The Court also considered if the instruction that the jury could convict if Chastain “conducted himself in a manner that departed from traditional notions of fundamental honesty and fair play in the general and business life of society” was prejudicial error. In concluding that it was, the court held that the legal standard was incorrect and allowed the jury to improperly convict based on the government’s “view of integrity” in business conduct rather than the misappropriation of “property rights only.” It added that under such a standard, “‘almost any deceptive act could be criminal’” (quoting Ciminelli).
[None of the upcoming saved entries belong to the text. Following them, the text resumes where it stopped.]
lemma quotient_set_image_bound:
  assumes H: "subgrp H" and Y: "subgrp Y" and "X \<subseteq> H" "H \<subseteq> Y"
    and fin: "finite (quotient_set (sumset (e ` H) H) H)"
  shows "finite (quotient_set (e ` X) Y)"
    and "card (quotient_set (e ` X) Y) \<le> card (quotient_set (sumset (e ` H) H) H)"
proof -
  have "e ` X \<subseteq> sumset (e ` H) H"
    using \<open>X \<subseteq> H\<close> sumset_subset_left[OF subgrp_zero[OF H]] by blast
  then have sub: "quotient_set (e ` X) H \<subseteq> quotient_set (sumset (e ` H) H) H"
    by (rule quotient_set_mono)
  then have "finite (quotient_set (e ` X) H)"
    using fin finite_subset by blast
  then show "finite (quotient_set (e ` X) Y)"
    and "card (quotient_set (e ` X) Y) \<le> card (quotient_set (sumset (e ` H) H) H)"
    using card_quotient_set_coarsen_le[OF Y \<open>H \<subseteq> Y\<close> subgrp_zero[OF H]] card_mono[OF fin sub]
    by fastforce+
qed

lemma finite_quotient_set_image_admissible:
  assumes "uniformly_fully_inert H" "admissible H X Y" "endo e"
  shows "finite (quotient_set (e ` X) Y)"
  using assms quotient_set_image_bound(1)
  unfolding uniformly_fully_inert_def admissible_def by blast

lemma admissible_descent:
  assumes adm: "admissible H X Y" and f: "endo f" and fin: "finite (quotient_set (f ` X) Y)"
  shows "admissible H {x \<in> X. f x \<in> Y} (sumset Y (f ` X))"
proof -
  have X: "subgrp X" and Y: "subgrp Y" and "X \<subseteq> H" "H \<subseteq> Y"
    and HX: "finitely_covered H X" and YH: "finitely_covered Y H"
    using adm unfolding admissible_def by blast+
  have "subgrp {x \<in> X. f x \<in> Y}" "subgrp (sumset Y (f ` X))"
    using subgrp_preimage[OF f X Y] subgrp_sumset[OF Y subgrp_image[OF f X]] .
  moreover have "H \<subseteq> sumset Y (f ` X)"
    using \<open>H \<subseteq> Y\<close> sumset_subset_left subgrp_zero[OF subgrp_image[OF f X]] by blast
  moreover have "finitely_covered H {x \<in> X. f x \<in> Y}"
    using finitely_covered_trans[OF HX finitely_covered_preimage[OF f X Y fin]] .
  moreover have "finitely_covered (sumset Y (f ` X)) H"
    using finitely_covered_trans[OF finitely_covered_sumset[OF Y] YH]
      fin finite_quotient_set_iff_finitely_covered[OF Y] by blast
  ultimately show ?thesis
    unfolding admissible_def using \<open>X \<subseteq> H\<close> by blast
qed

lemma separating_element_exists:
  assumes f: "endo f" and g: "endo g" and X: "subgrp X" and Y: "subgrp Y"
    and eq: "quotient_set (g ` {x \<in> X. f x \<in> Y}) Y = quotient_set (g ` X) Y"
    and "x\<^sub>1 \<in> X" "f x\<^sub>1 \<notin> Y"
  shows "\<exists>x \<in> X. g x \<in> Y \<and> f x \<notin> Y"
proof -
  have "coset Y (g x\<^sub>1) \<in> quotient_set (g ` {x \<in> X. f x \<in> Y}) Y"
    unfolding eq unfolding quotient_set_eq using \<open>x\<^sub>1 \<in> X\<close> by (intro imageI)
  then obtain z where z: "z \<in> X" "f z \<in> Y" "coset Y (g x\<^sub>1) = coset Y (g z)"
    unfolding quotient_set_eq by blast
  have "x\<^sub>1 - z \<in> X"
    using subgrp_diff[OF X \<open>x\<^sub>1 \<in> X\<close> z(1)] .
  moreover have "g (x\<^sub>1 - z) \<in> Y"
    using z(3) unfolding coset_eq_iff[OF Y] endo_diff[OF g] .
  moreover have "f (x\<^sub>1 - z) \<notin> Y"
  proof
    assume "f (x\<^sub>1 - z) \<in> Y"
    then have "f (x\<^sub>1 - z) + f z \<in> Y"
      using subgrp_add[OF Y _ z(2)] by blast
    then show False
      using \<open>f x\<^sub>1 \<notin> Y\<close> by (simp add: endo_diff[OF f])
  qed
  ultimately show ?thesis by blast
qed

lemma quotient_set_image_add_subset:
  assumes Y': "subgrp Y'" and "Y \<subseteq> Y'"
  shows "quotient_set (g ` {x \<in> X. f x \<in> Y}) Y' \<subseteq> quotient_set ((\<lambda>x. f x + g x) ` X) Y'"
proof
  fix Q assume "Q \<in> quotient_set (g ` {x \<in> X. f x \<in> Y}) Y'"
  then obtain w where w: "w \<in> X" "f w \<in> Y" "Q = coset Y' (g w)"
    unfolding quotient_set_eq by blast
  have "coset Y' (f w + g w) = Q"
    unfolding w(3) coset_eq_iff[OF Y'] using w(2) \<open>Y \<subseteq> Y'\<close> by auto
  then show "Q \<in> quotient_set ((\<lambda>x. f x + g x) ` X) Y'"
    unfolding quotient_set_eq using w(1) by blast
qed
(* Let $a,b\in[0,T]$, let $F=F_{a\to b}$ and let $x^*$ be a fixed point of $F$, with all objects and constants ($f^u_{a\to b},f^c_{a\to b},\Gamma_{a,b}(L),C,r,B$) as in the context, and assume the Smooth ODE and Contraction/Fixed-Point assumptions of the context hold. Let $x\in\mathbb{R}^d$ with $\|x\|\le B$ and $\|x^*\|\le B$. Then for every integer $k\ge 0$, $$\|f^c_{a\to b}(F^{k}(x))-f^u_{a\to b}(F^{k}(x))\|\le 2C\,\Gamma_{a,b}(L)\,r^k\|x-x^*\|\le 4C\,\Gamma_{a,b}(L)\,r^kB,$$ where $F^k$ is the $k$-fold composition of $F$.
   Context: $\|\cdot\|$ is the Euclidean norm on $\mathbb{R}^d$, $T>0$. Let $\bar{\alpha}:[0,T]\to(0,1)$ be a smooth, strictly decreasing noise schedule, and set $\lambda_{t}:=\sqrt{\bar{\alpha}_t}\,\frac{d}{dt}\big(\sqrt{(1-\bar{\alpha}_t)/\bar{\alpha}_t}\big)$, $\mu_{t}:=-\sqrt{\bar{\alpha}_t}\,\frac{d}{dt}\big(1/\sqrt{\bar{\alpha}_t}\big)$. Let $\varepsilon^u,\varepsilon^c:\mathbb{R}^d\times[0,T]\to\mathbb{R}^d$ be noise predictors and $f^u_{a\to b}(x)$ (resp. $f^c_{a\to b}(x)$) the value at time $b$ of the solution of $\frac{dx_t}{dt}=\mu_t x_t+\lambda_t\varepsilon^u(x_t,t)$ (resp. with $\varepsilon^c$) with $x_a=x$. $L>0$ is a Lipschitz constant of $\varepsilon^u(\cdot,t),\varepsilon^c(\cdot,t)$, $\Gamma_{a,b}(L):=(|\lambda_a|L+|\mu_a|)|b-a|+1$, and $B>0$. (Smooth ODE) There is $C>1$ with $\|f^{u}_{a\to b}(x)-f^{u}_{a\to b}(y)\|\le C\Gamma_{a,b}(L)\|x-y\|$ and $\|f^{c}_{a\to b}(x)-f^{c}_{a\to b}(y)\|\le C\Gamma_{a,b}(L)\|x-y\|$ for all $x,y$. (Contraction/Fixed Point) There is $r\in(0,1)$ and an operator $F_{a\to b}:\mathbb{R}^d\to\mathbb{R}^d$ with a fixed point $x^*$, whose fixed points are exactly the $x$ with $f^c_{a\to b}(x)=f^u_{a\to b}(x)$, and with $\|F_{a\to b}(x)-F_{a\to b}(y)\|\le r\|x-y\|$ for all $x,y$. *)

theory Defs
  imports "HOL-Analysis.Analysis"
begin

text \<open>Coefficients of the probability-flow ODE  dx/dt = mu t x + lambda t eps(x,t).\<close>

definition lam :: "(real \<Rightarrow> real) \<Rightarrow> real \<Rightarrow> real" where
  "lam abar t = sqrt (abar t) * deriv (\<lambda>s. sqrt ((1 - abar s) / abar s)) t"

definition mu :: "(real \<Rightarrow> real) \<Rightarrow> real \<Rightarrow> real" where
  "mu abar t = - sqrt (abar t) * deriv (\<lambda>s. 1 / sqrt (abar s)) t"

definition Gamma :: "(real \<Rightarrow> real) \<Rightarrow> real \<Rightarrow> real \<Rightarrow> real \<Rightarrow> real" where
  "Gamma abar a b L = (\<bar>lam abar a\<bar> * L + \<bar>mu abar a\<bar>) * \<bar>b - a\<bar> + 1"

definition ode_sol :: "(real \<Rightarrow> real) \<Rightarrow> ('a::euclidean_space \<Rightarrow> real \<Rightarrow> 'a)
    \<Rightarrow> real \<Rightarrow> real \<Rightarrow> 'a \<Rightarrow> (real \<Rightarrow> 'a) \<Rightarrow> bool" where
  "ode_sol abar eps a b x X \<longleftrightarrow> X a = x \<and>
     (\<forall>t\<in>closed_segment a b.
        (X has_vector_derivative (mu abar t *\<^sub>R X t + lam abar t *\<^sub>R eps (X t) t))
          (at t within closed_segment a b))"

end

theory Submission
  imports Defs
begin

text \<open>Since \<open>F\<close> is an \<open>r\<close>-contraction fixing \<open>x*\<close>, the iterates satisfy
  \<open>\<parallel>F\<^sup>k x - x*\<parallel> \<le> r\<^sup>k \<parallel>x - x*\<parallel>\<close>. At the fixed point the two flow maps agree, so the gap
  \<open>f\<^sup>c - f\<^sup>u\<close> at \<open>F\<^sup>k x\<close> is bounded by the sum of their Lipschitz constants \<open>C \<Gamma>\<close> times
  \<open>\<parallel>F\<^sup>k x - x*\<parallel>\<close>. The second inequality is \<open>\<parallel>x - x*\<parallel> \<le> 2B\<close>. The ODE and
  noise-schedule hypotheses enter only through these Lipschitz bounds.\<close>

lemma contraction_funpow_norm_le:
  fixes F :: "'a::real_normed_vector \<Rightarrow> 'a"
  assumes contr: "\<And>y z. norm (F y - F z) \<le> r * norm (y - z)"
    and r: "0 \<le> r"
    and fixed: "F z = z"
  shows "norm ((F ^^ k) x - z) \<le> r ^ k * norm (x - z)"
proof (induction k)
  case 0
  show ?case by simp
next
  case (Suc k)
  have "norm ((F ^^ Suc k) x - z) = norm (F ((F ^^ k) x) - F z)"
    using fixed by simp
  also have "\<dots> \<le> r * norm ((F ^^ k) x - z)"
    using contr .
  also have "\<dots> \<le> r * (r ^ k * norm (x - z))"
    using Suc.IH r by (rule mult_left_mono)
  finally show ?case by simp
qed

lemma lipschitz_diff_norm_le_if_agree:
  fixes f g :: "'a::real_normed_vector \<Rightarrow> 'b::real_normed_vector"
  assumes lip_f: "\<And>y z. norm (f y - f z) \<le> K * norm (y - z)"
    and lip_g: "\<And>y z. norm (g y - g z) \<le> K * norm (y - z)"
    and agree: "f z = g z"
  shows "norm (f y - g y) \<le> 2 * K * norm (y - z)"
proof -
  have "norm (f y - g y) = norm ((f y - f z) - (g y - g z))"
    using agree by simp
  also have "\<dots> \<le> norm (f y - f z) + norm (g y - g z)"
    by (rule norm_triangle_ineq4)
  also have "\<dots> \<le> 2 * K * norm (y - z)"
    using lip_f[of y z] lip_g[of y z] by simp
  finally show ?thesis .
qed

lemma Gamma_ge_one:
  assumes "L \<ge> 0"
  shows "Gamma abar a b L \<ge> 1"
  unfolding Gamma_def using assms by simp

theorem lemma1:
  fixes abar :: "real \<Rightarrow> real"
    and epsu epsc :: "'a::euclidean_space \<Rightarrow> real \<Rightarrow> 'a"
    and fu fc F :: "'a \<Rightarrow> 'a"
    and Xu Xc :: "'a \<Rightarrow> real \<Rightarrow> 'a"
    and T a b L C r B :: real and x xstar :: 'a
  assumes T: "T > 0"
    and smooth: "\<forall>n. \<forall>t\<in>{0..T}. ((deriv ^^ n) abar) differentiable (at t)"
    and abar_range: "\<forall>t\<in>{0..T}. 0 < abar t \<and> abar t < 1"
    and abar_decr: "strict_mono_on {0..T} (\<lambda>t. - abar t)"
    and ab: "a \<in> {0..T}" "b \<in> {0..T}"
    and L: "L > 0"
    and lipu: "\<forall>t. \<forall>y z. norm (epsu y t - epsu z t) \<le> L * norm (y - z)"
    and lipc: "\<forall>t. \<forall>y z. norm (epsc y t - epsc z t) \<le> L * norm (y - z)"
    and solu: "\<forall>y. ode_sol abar epsu a b y (Xu y) \<and> fu y = Xu y b"
    and solc: "\<forall>y. ode_sol abar epsc a b y (Xc y) \<and> fc y = Xc y b"
    and C: "C > 1"
    and smooth_u: "\<forall>y z. norm (fu y - fu z) \<le> C * Gamma abar a b L * norm (y - z)"
    and smooth_c: "\<forall>y z. norm (fc y - fc z) \<le> C * Gamma abar a b L * norm (y - z)"
    and r: "0 < r" "r < 1"
    and fixpt: "F xstar = xstar"
    and fixes_char: "\<forall>y. F y = y \<longleftrightarrow> fc y = fu y"
    and contr: "\<forall>y z. norm (F y - F z) \<le> r * norm (y - z)"
    and B: "B > 0"
    and xB: "norm x \<le> B" and xsB: "norm xstar \<le> B"
  shows "\<forall>k::nat.
     norm (fc ((F ^^ k) x) - fu ((F ^^ k) x))
        \<le> 2 * C * Gamma abar a b L * r ^ k * norm (x - xstar)
   \<and> 2 * C * Gamma abar a b L * r ^ k * norm (x - xstar)
        \<le> 4 * C * Gamma abar a b L * r ^ k * B"
proof
  fix k :: nat
  define K where "K = C * Gamma abar a b L"
  have K: "K \<ge> 0"
    unfolding K_def using C Gamma_ge_one[of L abar a b] L by simp
  have agree: "fc xstar = fu xstar"
    using fixes_char fixpt by blast
  have "norm (fc ((F ^^ k) x) - fu ((F ^^ k) x)) \<le> 2 * K * norm ((F ^^ k) x - xstar)"
    using smooth_c smooth_u agree unfolding K_def by (blast intro: lipschitz_diff_norm_le_if_agree)
  also have "\<dots> \<le> 2 * K * (r ^ k * norm (x - xstar))"
    using contraction_funpow_norm_le[of F r xstar] contr r fixpt K by (simp add: mult_left_mono)
  finally have gap: "norm (fc ((F ^^ k) x) - fu ((F ^^ k) x)) \<le> 2 * K * r ^ k * norm (x - xstar)"
    by (simp add: mult.assoc)
  have "norm (x - xstar) \<le> 2 * B"
    using norm_triangle_ineq4[of x xstar] xB xsB by simp
  then have "2 * K * r ^ k * norm (x - xstar) \<le> 2 * K * r ^ k * (2 * B)"
    using K r by (intro mult_left_mono) auto
  with gap show "norm (fc ((F ^^ k) x) - fu ((F ^^ k) x))
        \<le> 2 * C * Gamma abar a b L * r ^ k * norm (x - xstar)
   \<and> 2 * C * Gamma abar a b L * r ^ k * norm (x - xstar)
        \<le> 4 * C * Gamma abar a b L * r ^ k * B"
    unfolding K_def by (simp add: algebra_simps)
qed

end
Chastain is the latest decision to impose limitations on prosecutors’ use of the federal wire fraud statute after two recent Supreme Court decisions set the stage. In Kelly v. United States, 590 U.S. 391 (2020), the Supreme Court held that, for purposes of the federal wire fraud statute, the subject property must be an “object of the fraud,” not an “incidental byproduct of the scheme.” In Ciminelli, the Supreme Court rejected the Second Circuit’s longstanding “right to control” theory of fraud, which had enabled prosecutors to argue that a right to valuable economic information needed to make discretionary economic decisions was property protected by 18 U.S.C. § 1343. Collectively, these decisions represent a return to core principles, requiring that for fraud to be actionable it must entail the intentional deprivation of a victim’s valuable property.
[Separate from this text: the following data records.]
lemma shifted_opt_score_integral:
  fixes R :: "'a option \<Rightarrow> 'a option \<Rightarrow> real" and m n :: nat
  defines "F \<equiv> \<lambda>\<omega>. opt_score R n (\<lambda>i. X (i + m) \<omega>) (\<lambda>j. Y (j + m) \<omega>)"
  shows "F \<in> borel_measurable M" and "integrable M F" and "(\<integral>\<omega>. F \<omega> \<partial>M) = expected_opt_score R n"
proof -
  have F_eq: "F = (\<lambda>\<omega>. pair_opt_score R n (\<lambda>k. letter (shift_indices m k) \<omega>))"
    by (simp add: F_def pair_opt_score_def letter_def shift_indices_def)
  note transfer = integral_letters_eq_Pi_pmf[where u="pair_opt_score R n" and J="word_indices n",
      OF inj_shift_indices finite_word_indices word_indices_nonempty pair_opt_score_restrict]
  show "F \<in> borel_measurable M" "integrable M F" "(\<integral>\<omega>. F \<omega> \<partial>M) = expected_opt_score R n"
    unfolding F_eq expected_opt_score_def by (fact transfer)+
qed

lemma opt_score_integral:
  fixes R :: "'a option \<Rightarrow> 'a option \<Rightarrow> real" and n :: nat
  defines "F \<equiv> \<lambda>\<omega>. opt_score R n (\<lambda>i. X i \<omega>) (\<lambda>j. Y j \<omega>)"
  shows "F \<in> borel_measurable M" and "integrable M F" and "(\<integral>\<omega>. F \<omega> \<partial>M) = expected_opt_score R n"
  using shifted_opt_score_integral[of R n 0] by (simp_all add: F_def)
With NFTs taking center stage in Chastain, the decision matters for the crypto industry, too. Some experts hypothesized that prosecutors would turn to the federal wire fraud statute to crack down on insider trading in the space since United States Department of Justice policy now directs prosecutors not to pursue securities or commodities fraud charges that would require litigating whether the digital asset is a security or a commodity and the Securities and Exchange Commission embarks on its ambitious “Project Crypto” to develop a new regulatory framework. Chastain serves as another check on prosecutorial creativity when using the federal wire fraud statute to police crypto.
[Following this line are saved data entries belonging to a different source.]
lemma dihedral_group_idempotent:
  assumes "u \<in> carrier (dihedral_group n)" "u \<otimes>\<^bsub>dihedral_group n\<^esub> u = u"
  shows "u = (0, False)"
proof -
  obtain a s where u: "u = (a, s)" and a: "a < n"
    using assms(1) by auto
  then have "\<not> s" "(a + a) mod n = a"
    using assms(2) by (auto split: if_splits)
  moreover have "a = 0" if "(a + a) mod n = a"
  proof (cases "a + a < n")
    case False
    then have "(a + a) mod n = a + a - n"
      using a by (simp add: mod_if)
    then show ?thesis using that a by simp
  qed (use that in simp)
  ultimately show ?thesis
    using u by simp
qed

(* Unlike iso_set_sym, no group structure on G is needed: this is applied with
   G = dihedral_group n, whose group axioms are never established. *)
lemma inv_into_iso_if_mult_closed:
  assumes h: "h \<in> iso G H"
    and closed: "\<And>a b. a \<in> carrier G \<Longrightarrow> b \<in> carrier G \<Longrightarrow> a \<otimes>\<^bsub>G\<^esub> b \<in> carrier G"
  shows "inv_into (carrier G) h \<in> iso H G"
proof -
  let ?g = "inv_into (carrier G) h"
  have bij: "bij_betw h (carrier G) (carrier H)" and hom: "h \<in> hom G H"
    using h by (auto simp: iso_def)
  then have g_bij: "bij_betw ?g (carrier H) (carrier G)"
    by (simp add: bij_betw_inv_into)
  have "?g (x \<otimes>\<^bsub>H\<^esub> y) = ?g x \<otimes>\<^bsub>G\<^esub> ?g y" if "x \<in> carrier H" "y \<in> carrier H" for x y
  proof (rule inv_into_f_eq)
    show "inj_on h (carrier G)"
      using bij bij_betw_def by blast
    have "?g x \<in> carrier G" "?g y \<in> carrier G"
      using g_bij that bij_betwE by blast+
    then show "?g x \<otimes>\<^bsub>G\<^esub> ?g y \<in> carrier G"
      by (rule closed)
    show "h (?g x \<otimes>\<^bsub>G\<^esub> ?g y) = x \<otimes>\<^bsub>H\<^esub> y"
      using hom \<open>?g x \<in> carrier G\<close> \<open>?g y \<in> carrier G\<close> bij that
      by (simp add: hom_mult bij_betw_inv_into_right)
  qed
  then have "?g \<in> hom H G"
    using g_bij by (auto intro!: homI dest: bij_betwE)
  then show ?thesis
    using g_bij by (simp add: iso_def)
qed

definition dihedral_word :: "('a, 'b) monoid_scheme \<Rightarrow> 'a \<Rightarrow> 'a \<Rightarrow> nat \<times> bool \<Rightarrow> 'a" where
  "dihedral_word G h y = (\<lambda>(a, s). h [^]\<^bsub>G\<^esub> a \<otimes>\<^bsub>G\<^esub> (if s then y else \<one>\<^bsub>G\<^esub>))"

context group
begin

lemma iso_dihedral_group_rotations:
  assumes phi: "\<phi> \<in> iso G (dihedral_group n)"
  obtains R where "subgroup R G" "card R \<le> n" "\<And>g. g \<in> carrier G \<Longrightarrow> g \<notin> R \<Longrightarrow> g \<otimes> g = \<one>"
proof -
  let ?D = "dihedral_group n"
  have hom: "\<And>a b. a \<in> carrier G \<Longrightarrow> b \<in> carrier G \<Longrightarrow> \<phi> (a \<otimes> b) = \<phi> a \<otimes>\<^bsub>?D\<^esub> \<phi> b"
    and into: "\<And>a. a \<in> carrier G \<Longrightarrow> \<phi> a \<in> carrier ?D"
    and inj: "inj_on \<phi> (carrier G)"
    using phi unfolding iso_def hom_def bij_betw_def by auto
  have reflection_mult: "snd (\<phi> (a \<otimes> b)) \<longleftrightarrow> snd (\<phi> a) \<noteq> snd (\<phi> b)"
    if "a \<in> carrier G" "b \<in> carrier G" for a b
    using hom[OF that] by (cases "\<phi> a", cases "\<phi> b") simp
  have phi_one: "\<phi> \<one> = (0, False)"
    using dihedral_group_idempotent[OF into] hom[of \<one> \<one>] by simp
  define R where "R = {g \<in> carrier G. \<not> snd (\<phi> g)}"
  have "subgroup R G"
  proof (rule subgroupI)
    show "R \<subseteq> carrier G" "R \<noteq> {}"
      using phi_one unfolding R_def by auto
    show "inv a \<in> R" if "a \<in> R" for a
      using reflection_mult[of a "inv a"] phi_one that unfolding R_def by auto
    show "a \<otimes> b \<in> R" if "a \<in> R" "b \<in> R" for a b
      using reflection_mult[of a b] that unfolding R_def by auto
  qed
  moreover have "card R \<le> n"
  proof -
    have "\<phi> g \<in> {0..<n} \<times> {False}" if "g \<in> R" for g
      using into[of g] that unfolding R_def by (cases "\<phi> g") auto
    then have "\<phi> ` R \<subseteq> {0..<n} \<times> {False}"
      by blast
    moreover have "inj_on \<phi> R"
      using inj unfolding R_def by (rule inj_on_subset) auto
    ultimately show ?thesis
      using card_inj_on_le[of \<phi> R "{0..<n} \<times> {False}"] by (simp add: card_cartesian_product)
  qed
  moreover have "g \<otimes> g = \<one>" if g: "g \<in> carrier G" "g \<notin> R" for g
  proof -
    obtain a where "\<phi> g = (a, True)" "a < n"
      using g into[OF g(1)] unfolding R_def by (cases "\<phi> g") auto
    then have "\<phi> (g \<otimes> g) = \<phi> \<one>"
      using hom[OF g(1) g(1)] phi_one by simp
    then show ?thesis
      using inj g(1) by (simp add: inj_on_def)
  qed
  ultimately show thesis
    using that by blast
qed

lemma card_cyclicizer_le_if_iso_dihedral_group:
  assumes fin: "finite (carrier G)" and "G \<cong> dihedral_group n" "2 \<le> n"
    and x: "x \<in> carrier G" "x \<noteq> \<one>"
  shows "card (cyclicizer G x) \<le> n"
proof -
  obtain \<phi> where "\<phi> \<in> iso G (dihedral_group n)"
    using assms(2) unfolding is_iso_def by blast
  then obtain R where "subgroup R G" "card R \<le> n" "\<And>g. g \<in> carrier G \<Longrightarrow> g \<notin> R \<Longrightarrow> g \<otimes> g = \<one>"
    using iso_dihedral_group_rotations by blast
  then show ?thesis
    using card_cyclicizer_le_if_involutions_outside[OF fin _ _ x, of R] assms(3) by simp
qed

lemma dihedral_reflection_commute:
  assumes h: "h \<in> carrier G" "ord h = n" and y: "y \<in> carrier G" "y \<otimes> y = \<one>"
    and hy: "(h \<otimes> y) \<otimes> (h \<otimes> y) = \<one>" and "b \<le> n"
  shows "y \<otimes> h [^] b = h [^] (n - b) \<otimes> y"
proof -
  have inv_y: "inv y = y"
    using y inv_equality by blast
  have reflected: "y \<otimes> h \<otimes> y \<in> carrier G"
    using h y by simp
  have "h \<otimes> (y \<otimes> h \<otimes> y) = \<one>"
    using hy h y by (simp add: m_assoc)
  then have inv_h: "inv h = y \<otimes> h \<otimes> y"
    using inv_comm[OF _ h(1) reflected] inv_equality[OF _ h(1) reflected] by blast
  have conj: "y \<otimes> h [^] m \<otimes> y = inv (h [^] m)" for m :: nat
  proof -
    have "y \<otimes> h [^] m \<otimes> y = (y \<otimes> h \<otimes> y) [^] m"
      using conj_nat_pow[OF y(1) h(1), of m] inv_y by simp
    also have "\<dots> = inv (h [^] m)"
      using nat_pow_inv[OF h(1)] by (simp flip: inv_h)
    finally show ?thesis .
  qed
  have "h [^] (n - b) \<otimes> h [^] b = \<one>"
    using assms(6) h nat_pow_mult[of h "n - b" b] pow_ord_eq_1[OF h(1)] by simp
  then have "inv (h [^] b) = h [^] (n - b)"
    using h inv_equality by simp
  moreover have "y \<otimes> h [^] b = (y \<otimes> h [^] b \<otimes> y) \<otimes> y"
    using h y by (simp add: m_assoc)
  ultimately show ?thesis
    using conj by simp
qed

lemma dihedral_word_closed:
  assumes "h \<in> carrier G" "y \<in> carrier G"
  shows "dihedral_word G h y u \<in> carrier G"
  using assms by (cases u) (simp add: dihedral_word_def)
Notably, the decision in Chastain was not unanimous. The dissenting judge read the case law differently and called the majority’s decision a “novel addition to our law” that “ignores unambiguous and binding Second Circuit and Supreme Court precedents which hold that confidential business information, standing alone and without any separate showing of commercial value, is properly considered property for purposes of the wire fraud statute.” Nonetheless, the majority decision in Chastain means that prosecutors in the influential Second Circuit will have to navigate yet another limitation on their go-to fraud fighting statute.